#### To do:
Keep every line in which "blast" occurs and drop the rest of the data.

#### Provided records:
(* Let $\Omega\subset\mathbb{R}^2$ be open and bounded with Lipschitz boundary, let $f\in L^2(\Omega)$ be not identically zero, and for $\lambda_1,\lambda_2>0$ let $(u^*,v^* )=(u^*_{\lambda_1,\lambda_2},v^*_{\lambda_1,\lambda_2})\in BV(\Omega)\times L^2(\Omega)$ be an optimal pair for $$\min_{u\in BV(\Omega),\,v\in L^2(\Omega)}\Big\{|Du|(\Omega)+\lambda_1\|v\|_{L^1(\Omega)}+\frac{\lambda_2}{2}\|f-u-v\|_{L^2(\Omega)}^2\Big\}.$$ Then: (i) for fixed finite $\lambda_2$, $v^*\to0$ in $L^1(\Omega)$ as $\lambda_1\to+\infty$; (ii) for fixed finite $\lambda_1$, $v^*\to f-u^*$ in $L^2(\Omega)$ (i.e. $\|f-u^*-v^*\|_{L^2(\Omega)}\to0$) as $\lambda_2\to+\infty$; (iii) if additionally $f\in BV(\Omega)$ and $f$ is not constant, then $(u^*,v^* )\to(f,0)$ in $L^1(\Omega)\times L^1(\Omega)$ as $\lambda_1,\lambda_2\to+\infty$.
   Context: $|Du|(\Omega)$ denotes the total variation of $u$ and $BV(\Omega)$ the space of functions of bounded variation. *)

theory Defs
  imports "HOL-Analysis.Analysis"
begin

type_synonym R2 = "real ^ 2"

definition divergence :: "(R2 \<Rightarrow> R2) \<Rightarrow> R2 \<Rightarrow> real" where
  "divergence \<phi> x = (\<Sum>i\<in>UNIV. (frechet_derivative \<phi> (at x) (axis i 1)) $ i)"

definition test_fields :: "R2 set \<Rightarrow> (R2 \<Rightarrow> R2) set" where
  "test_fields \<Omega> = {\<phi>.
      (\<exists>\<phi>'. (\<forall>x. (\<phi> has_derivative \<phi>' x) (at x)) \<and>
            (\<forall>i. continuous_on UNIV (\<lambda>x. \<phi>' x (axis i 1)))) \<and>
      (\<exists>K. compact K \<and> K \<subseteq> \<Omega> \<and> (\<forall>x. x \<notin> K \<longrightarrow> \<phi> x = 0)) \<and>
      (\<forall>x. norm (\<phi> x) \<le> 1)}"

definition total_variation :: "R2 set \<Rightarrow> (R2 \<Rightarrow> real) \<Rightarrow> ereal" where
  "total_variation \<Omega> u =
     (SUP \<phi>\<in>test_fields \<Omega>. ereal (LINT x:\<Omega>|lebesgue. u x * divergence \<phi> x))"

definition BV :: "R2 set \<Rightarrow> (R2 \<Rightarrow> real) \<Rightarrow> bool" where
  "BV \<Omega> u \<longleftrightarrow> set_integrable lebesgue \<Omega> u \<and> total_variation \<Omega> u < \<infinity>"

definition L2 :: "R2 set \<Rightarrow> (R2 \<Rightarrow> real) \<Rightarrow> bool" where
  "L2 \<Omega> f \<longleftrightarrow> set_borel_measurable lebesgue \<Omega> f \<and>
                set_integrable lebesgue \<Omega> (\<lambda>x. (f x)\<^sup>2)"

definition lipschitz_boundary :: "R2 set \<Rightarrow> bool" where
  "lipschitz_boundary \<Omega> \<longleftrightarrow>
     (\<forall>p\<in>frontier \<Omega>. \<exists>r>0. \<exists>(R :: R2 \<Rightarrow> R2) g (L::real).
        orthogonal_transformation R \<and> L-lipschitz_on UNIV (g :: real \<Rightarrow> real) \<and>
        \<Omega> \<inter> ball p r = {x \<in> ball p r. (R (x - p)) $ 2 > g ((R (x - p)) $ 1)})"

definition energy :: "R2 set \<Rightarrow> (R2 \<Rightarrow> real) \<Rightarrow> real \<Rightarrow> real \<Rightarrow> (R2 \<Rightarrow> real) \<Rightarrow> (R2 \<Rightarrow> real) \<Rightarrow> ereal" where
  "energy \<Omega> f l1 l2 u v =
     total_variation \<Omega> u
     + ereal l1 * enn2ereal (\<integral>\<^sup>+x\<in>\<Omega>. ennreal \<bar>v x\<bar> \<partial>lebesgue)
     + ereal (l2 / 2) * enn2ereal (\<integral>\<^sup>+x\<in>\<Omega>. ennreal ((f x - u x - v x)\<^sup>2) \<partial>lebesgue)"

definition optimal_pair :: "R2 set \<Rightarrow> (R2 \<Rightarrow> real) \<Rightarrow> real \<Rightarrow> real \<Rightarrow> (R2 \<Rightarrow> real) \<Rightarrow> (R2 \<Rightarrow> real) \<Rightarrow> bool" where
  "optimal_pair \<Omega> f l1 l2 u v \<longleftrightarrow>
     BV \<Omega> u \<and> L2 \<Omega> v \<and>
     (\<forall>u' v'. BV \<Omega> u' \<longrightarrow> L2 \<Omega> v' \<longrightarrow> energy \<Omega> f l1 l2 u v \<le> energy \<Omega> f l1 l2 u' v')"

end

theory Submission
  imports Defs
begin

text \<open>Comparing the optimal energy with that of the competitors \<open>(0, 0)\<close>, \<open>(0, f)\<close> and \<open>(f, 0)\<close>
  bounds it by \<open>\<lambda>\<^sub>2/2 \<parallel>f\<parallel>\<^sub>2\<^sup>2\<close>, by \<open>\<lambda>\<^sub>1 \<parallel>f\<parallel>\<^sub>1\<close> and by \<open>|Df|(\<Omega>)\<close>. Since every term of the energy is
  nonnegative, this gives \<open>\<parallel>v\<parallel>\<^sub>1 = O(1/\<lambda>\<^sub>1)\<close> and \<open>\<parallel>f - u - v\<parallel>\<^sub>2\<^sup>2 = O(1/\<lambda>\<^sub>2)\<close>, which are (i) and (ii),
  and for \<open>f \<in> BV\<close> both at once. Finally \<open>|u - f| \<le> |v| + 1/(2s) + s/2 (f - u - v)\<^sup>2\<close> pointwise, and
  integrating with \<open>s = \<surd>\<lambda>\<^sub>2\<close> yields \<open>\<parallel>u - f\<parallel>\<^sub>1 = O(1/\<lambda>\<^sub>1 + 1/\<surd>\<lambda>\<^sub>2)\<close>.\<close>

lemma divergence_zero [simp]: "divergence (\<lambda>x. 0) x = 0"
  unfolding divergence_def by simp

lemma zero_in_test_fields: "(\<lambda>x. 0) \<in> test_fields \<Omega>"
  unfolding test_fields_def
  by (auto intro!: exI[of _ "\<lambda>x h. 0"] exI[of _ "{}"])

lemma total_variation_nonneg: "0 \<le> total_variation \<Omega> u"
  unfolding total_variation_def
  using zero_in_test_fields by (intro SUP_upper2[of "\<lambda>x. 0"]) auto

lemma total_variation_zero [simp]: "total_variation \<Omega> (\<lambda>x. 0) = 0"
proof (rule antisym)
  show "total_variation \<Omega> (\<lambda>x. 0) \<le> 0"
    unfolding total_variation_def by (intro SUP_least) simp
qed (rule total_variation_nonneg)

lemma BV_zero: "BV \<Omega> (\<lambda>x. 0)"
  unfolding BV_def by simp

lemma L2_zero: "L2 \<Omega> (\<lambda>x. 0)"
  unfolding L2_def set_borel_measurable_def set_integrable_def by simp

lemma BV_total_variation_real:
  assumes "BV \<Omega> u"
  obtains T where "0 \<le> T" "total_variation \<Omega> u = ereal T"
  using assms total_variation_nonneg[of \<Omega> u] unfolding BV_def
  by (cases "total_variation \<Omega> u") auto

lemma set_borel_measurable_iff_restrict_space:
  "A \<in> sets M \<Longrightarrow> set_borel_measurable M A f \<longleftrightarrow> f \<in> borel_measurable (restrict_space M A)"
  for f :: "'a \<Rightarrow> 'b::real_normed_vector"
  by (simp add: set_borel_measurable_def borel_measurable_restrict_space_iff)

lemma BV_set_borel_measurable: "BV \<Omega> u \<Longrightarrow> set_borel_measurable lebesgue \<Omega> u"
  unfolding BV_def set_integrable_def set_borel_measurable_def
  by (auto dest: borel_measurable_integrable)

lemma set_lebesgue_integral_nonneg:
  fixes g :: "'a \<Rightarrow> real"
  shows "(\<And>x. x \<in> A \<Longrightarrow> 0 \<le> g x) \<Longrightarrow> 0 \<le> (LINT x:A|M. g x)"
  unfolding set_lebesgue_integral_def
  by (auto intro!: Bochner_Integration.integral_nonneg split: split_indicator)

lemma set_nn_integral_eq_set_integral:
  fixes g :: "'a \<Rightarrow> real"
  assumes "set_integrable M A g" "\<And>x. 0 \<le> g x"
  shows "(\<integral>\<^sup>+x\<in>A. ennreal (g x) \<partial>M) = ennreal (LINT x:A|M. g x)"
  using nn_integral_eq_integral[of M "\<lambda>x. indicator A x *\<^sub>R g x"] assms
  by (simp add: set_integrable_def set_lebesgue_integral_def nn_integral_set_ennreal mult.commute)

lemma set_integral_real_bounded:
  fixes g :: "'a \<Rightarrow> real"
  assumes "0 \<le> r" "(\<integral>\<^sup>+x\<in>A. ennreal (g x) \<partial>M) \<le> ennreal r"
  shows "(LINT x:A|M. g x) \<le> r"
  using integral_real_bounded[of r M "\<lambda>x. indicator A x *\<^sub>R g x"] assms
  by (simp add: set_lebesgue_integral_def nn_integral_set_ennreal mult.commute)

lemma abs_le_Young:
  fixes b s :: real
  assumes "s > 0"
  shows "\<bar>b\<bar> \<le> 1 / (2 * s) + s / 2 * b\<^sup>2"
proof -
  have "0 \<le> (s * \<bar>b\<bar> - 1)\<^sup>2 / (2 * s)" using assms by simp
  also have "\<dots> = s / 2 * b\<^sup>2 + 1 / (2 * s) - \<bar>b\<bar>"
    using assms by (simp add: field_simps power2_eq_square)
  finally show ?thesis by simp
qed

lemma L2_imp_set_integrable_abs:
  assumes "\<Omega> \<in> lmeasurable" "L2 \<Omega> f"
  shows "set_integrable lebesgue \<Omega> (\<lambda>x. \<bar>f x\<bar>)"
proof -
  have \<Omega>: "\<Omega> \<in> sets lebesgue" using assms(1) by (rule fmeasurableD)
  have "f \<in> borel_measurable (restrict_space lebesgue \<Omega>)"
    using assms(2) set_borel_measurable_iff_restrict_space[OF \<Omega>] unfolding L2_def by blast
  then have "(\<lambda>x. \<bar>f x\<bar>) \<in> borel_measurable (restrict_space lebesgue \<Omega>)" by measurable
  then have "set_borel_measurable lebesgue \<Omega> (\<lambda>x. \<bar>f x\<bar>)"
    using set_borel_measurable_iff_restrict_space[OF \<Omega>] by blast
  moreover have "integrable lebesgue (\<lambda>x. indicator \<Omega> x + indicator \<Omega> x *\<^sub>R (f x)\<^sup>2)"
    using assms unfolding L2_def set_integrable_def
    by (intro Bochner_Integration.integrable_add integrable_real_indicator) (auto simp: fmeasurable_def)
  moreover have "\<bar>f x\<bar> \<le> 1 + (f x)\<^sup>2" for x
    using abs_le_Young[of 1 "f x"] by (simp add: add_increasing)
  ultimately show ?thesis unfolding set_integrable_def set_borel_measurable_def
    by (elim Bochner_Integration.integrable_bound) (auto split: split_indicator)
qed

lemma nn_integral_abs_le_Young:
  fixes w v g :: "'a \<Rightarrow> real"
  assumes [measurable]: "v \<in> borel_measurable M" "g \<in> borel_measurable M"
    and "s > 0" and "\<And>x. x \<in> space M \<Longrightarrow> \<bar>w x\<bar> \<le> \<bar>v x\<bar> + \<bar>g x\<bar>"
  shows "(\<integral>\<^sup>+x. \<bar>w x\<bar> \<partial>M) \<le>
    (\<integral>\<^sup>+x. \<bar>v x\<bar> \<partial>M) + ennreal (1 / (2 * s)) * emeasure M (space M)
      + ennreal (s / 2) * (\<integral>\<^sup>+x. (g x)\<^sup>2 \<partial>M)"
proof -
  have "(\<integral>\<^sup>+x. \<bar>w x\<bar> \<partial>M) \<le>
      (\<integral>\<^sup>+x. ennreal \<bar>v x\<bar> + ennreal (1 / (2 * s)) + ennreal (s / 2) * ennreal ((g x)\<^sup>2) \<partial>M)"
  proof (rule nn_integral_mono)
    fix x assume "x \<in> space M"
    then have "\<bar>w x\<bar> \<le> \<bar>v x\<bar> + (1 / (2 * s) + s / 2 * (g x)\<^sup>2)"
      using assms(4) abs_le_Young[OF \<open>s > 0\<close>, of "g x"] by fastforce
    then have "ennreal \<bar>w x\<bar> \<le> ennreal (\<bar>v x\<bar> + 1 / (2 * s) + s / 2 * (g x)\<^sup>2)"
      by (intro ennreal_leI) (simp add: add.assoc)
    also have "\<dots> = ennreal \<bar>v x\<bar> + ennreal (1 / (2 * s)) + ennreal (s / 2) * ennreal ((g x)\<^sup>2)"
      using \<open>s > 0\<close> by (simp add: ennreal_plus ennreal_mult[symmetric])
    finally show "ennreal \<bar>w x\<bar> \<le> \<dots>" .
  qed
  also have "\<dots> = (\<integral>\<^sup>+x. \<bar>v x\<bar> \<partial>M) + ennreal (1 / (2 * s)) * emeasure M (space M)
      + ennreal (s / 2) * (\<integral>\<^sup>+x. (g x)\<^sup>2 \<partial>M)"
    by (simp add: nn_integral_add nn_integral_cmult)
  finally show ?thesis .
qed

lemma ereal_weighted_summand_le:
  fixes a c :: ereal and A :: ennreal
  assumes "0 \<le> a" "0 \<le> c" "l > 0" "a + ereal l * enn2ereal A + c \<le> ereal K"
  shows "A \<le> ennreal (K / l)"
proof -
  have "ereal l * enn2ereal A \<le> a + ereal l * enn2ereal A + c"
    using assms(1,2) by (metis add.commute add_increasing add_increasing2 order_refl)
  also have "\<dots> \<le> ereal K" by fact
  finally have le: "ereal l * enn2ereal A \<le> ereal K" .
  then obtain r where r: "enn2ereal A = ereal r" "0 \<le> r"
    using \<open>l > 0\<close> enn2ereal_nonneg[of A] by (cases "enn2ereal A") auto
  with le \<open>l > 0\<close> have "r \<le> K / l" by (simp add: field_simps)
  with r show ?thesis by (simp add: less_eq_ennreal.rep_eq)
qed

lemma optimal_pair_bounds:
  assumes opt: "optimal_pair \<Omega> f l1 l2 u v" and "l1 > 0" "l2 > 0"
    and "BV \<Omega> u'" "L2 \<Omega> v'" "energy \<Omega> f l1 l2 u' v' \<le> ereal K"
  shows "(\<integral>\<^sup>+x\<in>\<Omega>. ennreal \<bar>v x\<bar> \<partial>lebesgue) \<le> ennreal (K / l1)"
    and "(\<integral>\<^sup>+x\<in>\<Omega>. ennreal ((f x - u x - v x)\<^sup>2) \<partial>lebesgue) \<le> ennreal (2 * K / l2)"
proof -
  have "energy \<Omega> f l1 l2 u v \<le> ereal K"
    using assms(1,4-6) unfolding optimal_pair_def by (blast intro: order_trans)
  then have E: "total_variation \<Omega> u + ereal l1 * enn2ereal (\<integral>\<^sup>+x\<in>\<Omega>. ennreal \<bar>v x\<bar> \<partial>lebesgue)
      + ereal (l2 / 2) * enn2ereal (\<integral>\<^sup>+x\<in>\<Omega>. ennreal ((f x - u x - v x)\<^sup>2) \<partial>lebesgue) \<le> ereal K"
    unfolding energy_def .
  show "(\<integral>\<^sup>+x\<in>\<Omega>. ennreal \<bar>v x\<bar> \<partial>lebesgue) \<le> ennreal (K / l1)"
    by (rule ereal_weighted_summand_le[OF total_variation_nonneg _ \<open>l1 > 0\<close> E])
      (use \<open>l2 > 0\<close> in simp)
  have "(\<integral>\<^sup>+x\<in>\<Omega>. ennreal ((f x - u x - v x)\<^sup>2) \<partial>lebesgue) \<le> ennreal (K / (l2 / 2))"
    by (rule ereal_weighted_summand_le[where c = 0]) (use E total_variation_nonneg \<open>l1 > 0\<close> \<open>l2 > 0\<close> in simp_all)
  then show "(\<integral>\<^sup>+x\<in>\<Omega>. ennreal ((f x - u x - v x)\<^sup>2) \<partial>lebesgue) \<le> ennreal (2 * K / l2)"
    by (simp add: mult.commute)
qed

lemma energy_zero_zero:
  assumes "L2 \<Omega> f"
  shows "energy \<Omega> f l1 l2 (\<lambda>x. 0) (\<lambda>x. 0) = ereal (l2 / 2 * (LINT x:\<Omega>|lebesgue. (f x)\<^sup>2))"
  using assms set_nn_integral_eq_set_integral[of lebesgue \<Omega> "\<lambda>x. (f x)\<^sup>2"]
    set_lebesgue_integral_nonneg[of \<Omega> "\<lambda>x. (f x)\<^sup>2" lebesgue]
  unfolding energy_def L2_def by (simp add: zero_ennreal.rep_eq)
* * *
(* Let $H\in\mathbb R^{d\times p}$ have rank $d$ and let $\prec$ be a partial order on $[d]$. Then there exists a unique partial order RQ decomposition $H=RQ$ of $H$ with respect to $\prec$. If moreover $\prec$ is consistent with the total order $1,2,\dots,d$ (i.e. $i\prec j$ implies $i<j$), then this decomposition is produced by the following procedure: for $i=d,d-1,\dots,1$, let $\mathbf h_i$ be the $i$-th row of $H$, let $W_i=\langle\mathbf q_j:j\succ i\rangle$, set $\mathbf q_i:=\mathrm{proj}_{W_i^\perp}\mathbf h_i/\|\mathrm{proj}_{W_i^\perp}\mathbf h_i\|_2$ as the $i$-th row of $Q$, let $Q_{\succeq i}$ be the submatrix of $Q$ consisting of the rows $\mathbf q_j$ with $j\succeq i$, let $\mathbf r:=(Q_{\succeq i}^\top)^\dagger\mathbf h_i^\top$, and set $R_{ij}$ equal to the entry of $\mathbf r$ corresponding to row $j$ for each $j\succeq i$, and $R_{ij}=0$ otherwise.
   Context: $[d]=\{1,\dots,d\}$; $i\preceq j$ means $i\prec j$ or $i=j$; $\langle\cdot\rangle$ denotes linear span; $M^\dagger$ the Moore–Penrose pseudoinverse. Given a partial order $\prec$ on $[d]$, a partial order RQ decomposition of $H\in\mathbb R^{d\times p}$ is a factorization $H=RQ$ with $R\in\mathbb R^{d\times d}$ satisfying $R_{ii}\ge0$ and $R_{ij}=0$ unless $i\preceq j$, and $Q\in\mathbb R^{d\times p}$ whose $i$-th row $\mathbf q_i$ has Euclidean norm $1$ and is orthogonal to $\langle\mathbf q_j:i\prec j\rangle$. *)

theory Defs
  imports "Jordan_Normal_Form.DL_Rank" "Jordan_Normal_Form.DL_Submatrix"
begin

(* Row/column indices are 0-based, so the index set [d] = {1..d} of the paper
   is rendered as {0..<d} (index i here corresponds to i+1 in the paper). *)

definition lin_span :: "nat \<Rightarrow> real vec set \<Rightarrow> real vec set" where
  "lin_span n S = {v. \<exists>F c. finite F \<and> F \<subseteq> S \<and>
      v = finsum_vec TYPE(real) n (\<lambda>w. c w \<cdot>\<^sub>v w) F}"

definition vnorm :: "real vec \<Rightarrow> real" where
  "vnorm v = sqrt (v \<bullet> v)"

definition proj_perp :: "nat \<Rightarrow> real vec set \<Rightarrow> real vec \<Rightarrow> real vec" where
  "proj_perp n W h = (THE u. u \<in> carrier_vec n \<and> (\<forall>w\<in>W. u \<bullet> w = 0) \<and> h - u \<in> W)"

#### Task response:
    using assms(2) set_borel_measurable_iff_restrict_space[OF \<Omega>] unfolding L2_def by blast
    using set_borel_measurable_iff_restrict_space[OF \<Omega>] by blast
    using assms(1,4-6) unfolding optimal_pair_def by (blast intro: order_trans)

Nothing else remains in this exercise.